Calprotectin, cytokine and soluble receptor assays
Fecal calprotectin was analyzed by a sandwich enzyme-linked immunosorbent assay (ELISA) (Calprotectin ELISA; Bühlmann Laboratories AG, Basel, Switzerland). Serum levels of interleukin (IL)-4, IL-5, IL-8, IL-10 and TNF were measured by Fluorokine Multianalyte Profiling (R&D Systems). ELISA was used to measure serum levels of IL-17A (eBioscience, San Diego, CA), sTNFRII (R&D Systems) and sCD25 (Diaclone SAS, Besancon, France). All assays were used according to the manufacturers’ instructions.
Statistical analysis
All statistical evaluations were performed with the GraphPad Prism 6.0 (GraphPad Software, La Jolla, CA, USA). Wilcoxon signed rank test was used to evaluate differences between two sets of paired samples, and the Mann Whitney U test was performed to evaluate differences between two groups. Receiver operating characteristics (ROC) curves were used to assess specificity and sensitivity of the different activation markers for discriminating responders from nonresponders. An area under the ROC curve (AUROC) of >0.7 is considered fair, >0.8 good and >0.9 as having excellent discriminative ability. In the ROC curve analyses Δ values (difference between baseline and two weeks after therapy start) were used to identify the cut-off value, or positive predictive value, above which there is the best likelihood of being a responder. P values < 0.05 were considered as statistically significant. Data given in the text, tables and figures are demonstrated as median (25th–75th percentiles).
Results
Demographics and clinical parameters in responders and nonresponders
Among the 34 patients included in the study, 17 responded to the therapy whereas 15 were nonresponders. Two patients were excluded from further data analysis because of early colectomy (within one week of therapy start) and missing data, respectively. Therapy responders and nonresponders showed no differences in gender distribution, age, smoking habits, disease duration, Mayo score, CRP, fecal calprotectin or use of immunomodulatory therapy before start of infliximab treatment, hereafter termed baseline (Table 1). All the patients had moderately to severely active disease at baseline as determined by total Mayo score, which also included an endoscopic examination. At treatment evaluation, prior to the fourth treatment dose, fecal calprotectin was decreased relative to pretreatment start in responders (1950 (845–2765) vs 153 (49–434) µg/g; p = 0.0002). In contrast, infliximab nonresponders had comparable levels of fecal calprotectin before and after therapy (1450 (535–2501) vs 600 (290–2288) µg/g; p = 0.65). Also, at evaluation, CRP decreased in therapy responders (5 (1.5–8) vs 1 (1–2.5) mg/l; p = 0.02), but not in nonresponding patients (3.5 (1–9.3) vs 1.5 (1–9.3) mg/l; p = 0.66).
Table 1.
Demographics of patients undergoing anti-TNF therapy.

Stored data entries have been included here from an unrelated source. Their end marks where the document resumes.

(* Let $n\ge 2$ and let $A\subset S^n=\{x\in\mathbb R^{n+1}:\|x\|=1\}$ be a closed subset with $0<\mathrm{diam}(A)\le 1$. Then there exist distinct points $a_0,a_1\in A$ and a unit vector $b\in\mathbb R^{n+1}$ such that $\langle b,a_0\rangle=0=\max_{a\in A}\langle b,a\rangle$ and $\langle b,a_1\rangle>-\frac12\|a_1-a_0\|$.
   Context: $\langle\cdot,\cdot\rangle$ is the standard inner product and $\|\cdot\|$ the Euclidean norm on $\mathbb R^{n+1}$. *)

theory Defs
  imports "HOL-Analysis.Analysis"
begin

end

theory Submission
  imports Defs
begin

text \<open>
  Points of \<open>A\<close> pairwise have inner product at least \<open>1/2\<close>, so \<open>A\<close> lies in an open hemisphere
  and admits a supporting hyperplane through the origin touching \<open>A\<close> at some \<open>a\<^sub>0\<close>.
  Among the unit normals \<open>b\<close> of such hyperplanes through \<open>a\<^sub>0\<close>, take one maximising \<open>b \<bullet> a\<close>
  for a fixed \<open>a \<in> A - {a\<^sub>0}\<close>. If \<open>b\<close> failed the claim at every \<open>a\<^sub>1\<close>, then tilting \<open>b\<close> by half a
  unit vector \<open>p \<perp> a\<^sub>0, b\<close> with \<open>p \<bullet> a \<ge> 0\<close> would give, after normalisation, another supporting
  normal with a larger value at \<open>a\<close>.
\<close>

definition supporting_normals :: "'a::real_inner set \<Rightarrow> 'a \<Rightarrow> 'a set" where
  "supporting_normals A a0 = {b. norm b = 1 \<and> b \<bullet> a0 = 0 \<and> (\<forall>a\<in>A. b \<bullet> a \<le> 0)}"

lemma compact_supporting_normals:
  fixes A :: "'a::euclidean_space set"
  shows "compact (supporting_normals A a0)"
proof -
  have "supporting_normals A a0 =
      sphere 0 1 \<inter> {b. a0 \<bullet> b = 0} \<inter> (\<Inter>a\<in>A. {b. a \<bullet> b \<le> 0})"
    by (auto simp: supporting_normals_def inner_commute)
  then have "closed (supporting_normals A a0)"
    by (auto intro!: closed_Int closed_INT closed_halfspace_le closed_hyperplane
        simp del: inner_commute)
  moreover have "bounded (supporting_normals A a0)"
    by (auto simp: supporting_normals_def bounded_iff)
  ultimately show ?thesis
    by (simp add: compact_eq_bounded_closed)
qed

lemma inner_ge_half_if_dist_le_1:
  fixes x y :: "'a::real_inner"
  assumes "norm x = 1" "norm y = 1" "dist x y \<le> 1"
  shows "x \<bullet> y \<ge> 1/2"
proof -
  have "(norm (x - y))\<^sup>2 = x \<bullet> x + y \<bullet> y - 2 * (x \<bullet> y)"
    by (simp add: power2_norm_eq_inner inner_diff inner_commute)
  moreover have "(norm (x - y))\<^sup>2 \<le> 1"
    using assms(3) by (simp add: dist_norm power_le_one)
  ultimately show ?thesis
    using assms(1,2) by (simp add: norm_eq_1)
qed

lemma exists_unit_orthogonal:
  fixes X :: "'a::euclidean_space set"
  assumes "finite X" "card X < DIM('a)"
  obtains w where "norm w = 1" "\<And>x. x \<in> X \<Longrightarrow> w \<bullet> x = 0"
proof -
  have "dim X < DIM('a)"
    using dim_le_card'[OF assms(1)] assms(2) by linarith
  then obtain z where "z \<noteq> 0" "\<And>v. v \<in> span X \<Longrightarrow> orthogonal z v"
    using orthogonal_to_subspace_exists by blast
  then show ?thesis
    by (intro that[of "z /\<^sub>R norm z"]) (auto simp: orthogonal_def span_base)
qed

text \<open>
  The contact point \<open>a\<^sub>0\<close> maximises \<open>a \<mapsto> (u \<bullet> a) / (e \<bullet> a)\<close> for a unit \<open>u \<perp> e\<close>; the
  normal is \<open>u - M e\<close> with \<open>M\<close> the maximum, which is nonzero since its inner product with \<open>u\<close> is \<open>1\<close>.
\<close>
lemma exists_supporting_normal:
  fixes A :: "'a::euclidean_space set"
  assumes "DIM('a) \<ge> 2" "compact A" "A \<noteq> {}" "\<And>a. a \<in> A \<Longrightarrow> e \<bullet> a > 0"
  obtains a0 where "a0 \<in> A" "supporting_normals A a0 \<noteq> {}"
proof -
  obtain u where u: "norm u = 1" "u \<bullet> e = 0"
    using exists_unit_orthogonal[of "{e}"] assms(1) by auto
  define r where "r a = (u \<bullet> a) / (e \<bullet> a)" for a
  have "continuous_on A r"
    unfolding r_def by (intro continuous_intros) (use assms(4) in force)
  then obtain a0 where a0: "a0 \<in> A" "\<And>a. a \<in> A \<Longrightarrow> r a \<le> r a0"
    using continuous_attains_sup[OF assms(2,3)] by blast
  define v where "v = u - r a0 *\<^sub>R e"
  have "v \<bullet> a \<le> 0" if "a \<in> A" for a
    using a0(2)[OF that] assms(4)[OF that]
    by (simp add: r_def v_def inner_diff_left divide_le_eq)
  moreover have "v \<bullet> a0 = 0"
    using assms(4)[OF a0(1)] by (simp add: r_def v_def inner_diff_left)
  moreover have "v \<noteq> 0"
  proof
    assume "v = 0"
    then have "v \<bullet> u = 0" by simp
    moreover have "v \<bullet> u = 1"
      using u inner_commute[of u e] by (simp add: v_def inner_diff_left norm_eq_1)
    ultimately show False by simp
  qed
  ultimately have "v /\<^sub>R norm v \<in> supporting_normals A a0"
    by (auto simp: supporting_normals_def intro!: mult_nonneg_nonpos)
  with a0(1) show ?thesis
    using that by blast
qed

lemma tilted_supporting_normal_not_supporting:
  fixes A :: "'a::euclidean_space set"
  assumes b: "b \<in> supporting_normals A a0"
    and b_max: "\<And>e. e \<in> supporting_normals A a0 \<Longrightarrow> e \<bullet> c \<le> b \<bullet> c"
    and "b \<bullet> c < 0"
    and p: "norm p = 1" "p \<bullet> a0 = 0" "p \<bullet> b = 0" "p \<bullet> c \<ge> 0"
    and "t > 0"
  shows "\<exists>a1\<in>A. (b + t *\<^sub>R p) \<bullet> a1 > 0"
proof (rule ccontr)
  assume "\<not> ?thesis"
  then have supp: "\<forall>a\<in>A. (b + t *\<^sub>R p) \<bullet> a \<le> 0"
    by (simp add: not_less)
  define N where "N = norm (b + t *\<^sub>R p)"
  have "b \<bullet> b = 1" "p \<bullet> p = 1"
    using b p(1) by (simp_all add: supporting_normals_def norm_eq_1)
  then have "N\<^sup>2 = 1 + t\<^sup>2"
    using p(3) unfolding N_def power2_norm_eq_inner
    by (simp add: inner_add inner_commute power2_eq_square)
  with \<open>t > 0\<close> have "1\<^sup>2 < N\<^sup>2"
    by simp
  then have "N > 1"
    using power_less_imp_less_base[of 1 2 N] by (simp add: N_def)
  have "(b + t *\<^sub>R p) /\<^sub>R N \<in> supporting_normals A a0"
    using b p(2) supp \<open>N > 1\<close>
    by (auto simp: supporting_normals_def N_def[symmetric] inner_add_left
        intro!: mult_nonneg_nonpos)
  then have "((b + t *\<^sub>R p) /\<^sub>R N) \<bullet> c \<le> b \<bullet> c"
    by (rule b_max)
  then have "b \<bullet> c + t * (p \<bullet> c) \<le> N * (b \<bullet> c)"
    using \<open>N > 1\<close> by (simp add: inner_add_left field_simps)
  moreover have "N * (b \<bullet> c) < b \<bullet> c"
    using \<open>N > 1\<close> \<open>b \<bullet> c < 0\<close> by (simp add: mult_less_cancel_right1)
  moreover have "t * (p \<bullet> c) \<ge> 0"
    using \<open>t > 0\<close> p(4) by simp
  ultimately show False
    by linarith
qed

lemma exists_supporting_normal_with_near_point:
  fixes A :: "'a::euclidean_space set"
  assumes "DIM('a) \<ge> 3" "supporting_normals A a0 \<noteq> {}" "a \<in> A" "a \<noteq> a0" "t > 0"
  obtains b a1 where "b \<in> supporting_normals A a0" "a1 \<in> A" "b \<bullet> a1 > - t * norm (a1 - a0)"
proof -
  have "continuous_on (supporting_normals A a0) (\<lambda>e. e \<bullet> a)"
    by (intro continuous_intros)
  then obtain b where b: "b \<in> supporting_normals A a0"
    and b_max: "\<And>e. e \<in> supporting_normals A a0 \<Longrightarrow> e \<bullet> a \<le> b \<bullet> a"
    using continuous_attains_sup[OF compact_supporting_normals assms(2)] by blast
  show ?thesis
  proof (cases "b \<bullet> a > - t * norm (a - a0)")
    case True
    then show ?thesis
      using that b assms(3) by blast
  next
    case False
    moreover have "t * norm (a - a0) > 0"
      using assms(4,5) by simp
    ultimately have "b \<bullet> a < 0"
      by linarith
    have "card {a0, b} < DIM('a)"
      using assms(1) by (simp add: card_insert_if)
    then obtain w where w: "norm w = 1" "w \<bullet> a0 = 0" "w \<bullet> b = 0"
      using exists_unit_orthogonal[of "{a0, b}"] by (metis finite.emptyI finite.insertI insertCI)
    define p where "p = (if w \<bullet> a \<ge> 0 then w else - w)"
    have p: "norm p = 1" "p \<bullet> a0 = 0" "p \<bullet> b = 0" "p \<bullet> a \<ge> 0"
      using w by (auto simp: p_def)
    obtain a1 where a1: "a1 \<in> A" "(b + t *\<^sub>R p) \<bullet> a1 > 0"
      using tilted_supporting_normal_not_supporting[OF b b_max \<open>b \<bullet> a < 0\<close> p assms(5)] by blast
    have "p \<bullet> a1 \<le> norm (a1 - a0)"
      using norm_cauchy_schwarz[of p "a1 - a0"] p(1,2) by (simp add: inner_diff_right)
    then have "t * (p \<bullet> a1) \<le> t * norm (a1 - a0)"
      using \<open>t > 0\<close> by simp
    moreover have "b \<bullet> a1 + t * (p \<bullet> a1) > 0"
      using a1(2) by (simp add: inner_add_left)
    ultimately have "b \<bullet> a1 > - t * norm (a1 - a0)"
      by linarith
    with that b a1(1) show ?thesis
      by blast
  qed
qed

theorem lemma2p2:
  fixes A :: "(real ^ 'n) set"
  assumes "CARD('n) \<ge> 3"
    and "closed A"
    and "A \<subseteq> sphere 0 1"
    and "0 < diameter A" and "diameter A \<le> 1"
  shows "\<exists>a0 a1 b. a0 \<in> A \<and> a1 \<in> A \<and> a0 \<noteq> a1 \<and> norm b = 1 \<and>
           b \<bullet> a0 = 0 \<and> (\<forall>a\<in>A. b \<bullet> a \<le> 0) \<and>
           b \<bullet> a1 > - (1/2) * norm (a1 - a0)"
proof -
  have dim: "DIM(real ^ 'n) \<ge> 3"
    using assms(1) by simp
  have unit: "norm a = 1" if "a \<in> A" for a
    using assms(3) that by auto
  have "bounded A"
    using assms(3) bounded_subset bounded_sphere by blast
  with assms(2) have "compact A"
    by (simp add: compact_eq_bounded_closed)
  have non_singleton: "\<exists>a\<in>A. a \<noteq> x" for x
  proof (rule ccontr)
    assume "\<not> ?thesis"
    then have "diameter A \<le> diameter {x}"
      by (intro diameter_subset) auto
    with assms(4) show False
      by simp
  qed
  then obtain e where "e \<in> A"
    by blast
  have pos: "e \<bullet> a > 0" if "a \<in> A" for a
  proof -
    have "dist e a \<le> 1"
      using diameter_bounded_bound[OF \<open>bounded A\<close> \<open>e \<in> A\<close> that] assms(5) by linarith
    then show ?thesis
      using inner_ge_half_if_dist_le_1[OF unit[OF \<open>e \<in> A\<close>] unit[OF that]] by linarith
  qed
  have "DIM(real ^ 'n) \<ge> 2" "A \<noteq> {}"
    using dim \<open>e \<in> A\<close> by auto
  then obtain a0 where a0: "a0 \<in> A" "supporting_normals A a0 \<noteq> {}"
    using exists_supporting_normal[OF _ \<open>compact A\<close> _ pos] by blast
  obtain a where "a \<in> A" "a \<noteq> a0"
    using non_singleton by blast
  then obtain b a1 where b: "b \<in> supporting_normals A a0"
      and a1: "a1 \<in> A" "b \<bullet> a1 > - (1/2) * norm (a1 - a0)"
    using exists_supporting_normal_with_near_point[OF dim a0(2), of a "1/2"] by auto
  moreover have "a1 \<noteq> a0"
    using a1(2) b by (auto simp: supporting_normals_def)
  ultimately show ?thesis
    using a0(1) unfolding supporting_normals_def by blast
qed

end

| Respondersa | Nonrespondersb | p valuec | |
|---|---|---|---|
| Total number of patients | 17 | 15 | |
| Male/female | 12/5 | 10/5 | 0.99 |
| Age | 33 (27–40)d | 35 (23–46) | 0.99 |
| Smoking habit (active/ex-smoker/never) | 1/4/12 | 1/1/12e | 0.40 |
| Disease duration, years | 6 (2.5–12.5) | 3 (2–7) | 0.42 |
| Mayo score | 8 (7–9.5) | 8 (7.5–11) | 0.44 |
| CRP | 5.5 (1.3–8) | 4 (1–13) | 0.59 |
| Calprotectin (µg/g) | 1800 (830–2687) | 1500 (534–2537) | 0.51 |
| Other treatments than anti-TNF: | 0.39 | ||
| Corticosteroids, 5-ASA, thiopurines | 2 | 1 | |
| Corticosteroids, 5-ASA | 4 | 1 | |
| Thiopurines, 5-ASA | 2 | 2 | |
| Corticosteroids, thiopurines | 1 | 1 | |
| 5-ASA | 4 | 4 | |
| Corticosteroids | 3 | 1 | |
| Thiopurines | 1 | 1 | |
| No treatment | 0 | 1 |
TNF: tumor necrosis factor; CRP: C-reactive protein; 5-ASA: 5-aminosalicylic acid. aDefined as a decrease in Mayo score ≥3, three to four months after therapy start. bDefined as a decrease in Mayo score of ≤2, three to four months after therapy start. cMann Whitney U Test. dData are shown as median (25th–75th percentiles). eData from one patient are missing.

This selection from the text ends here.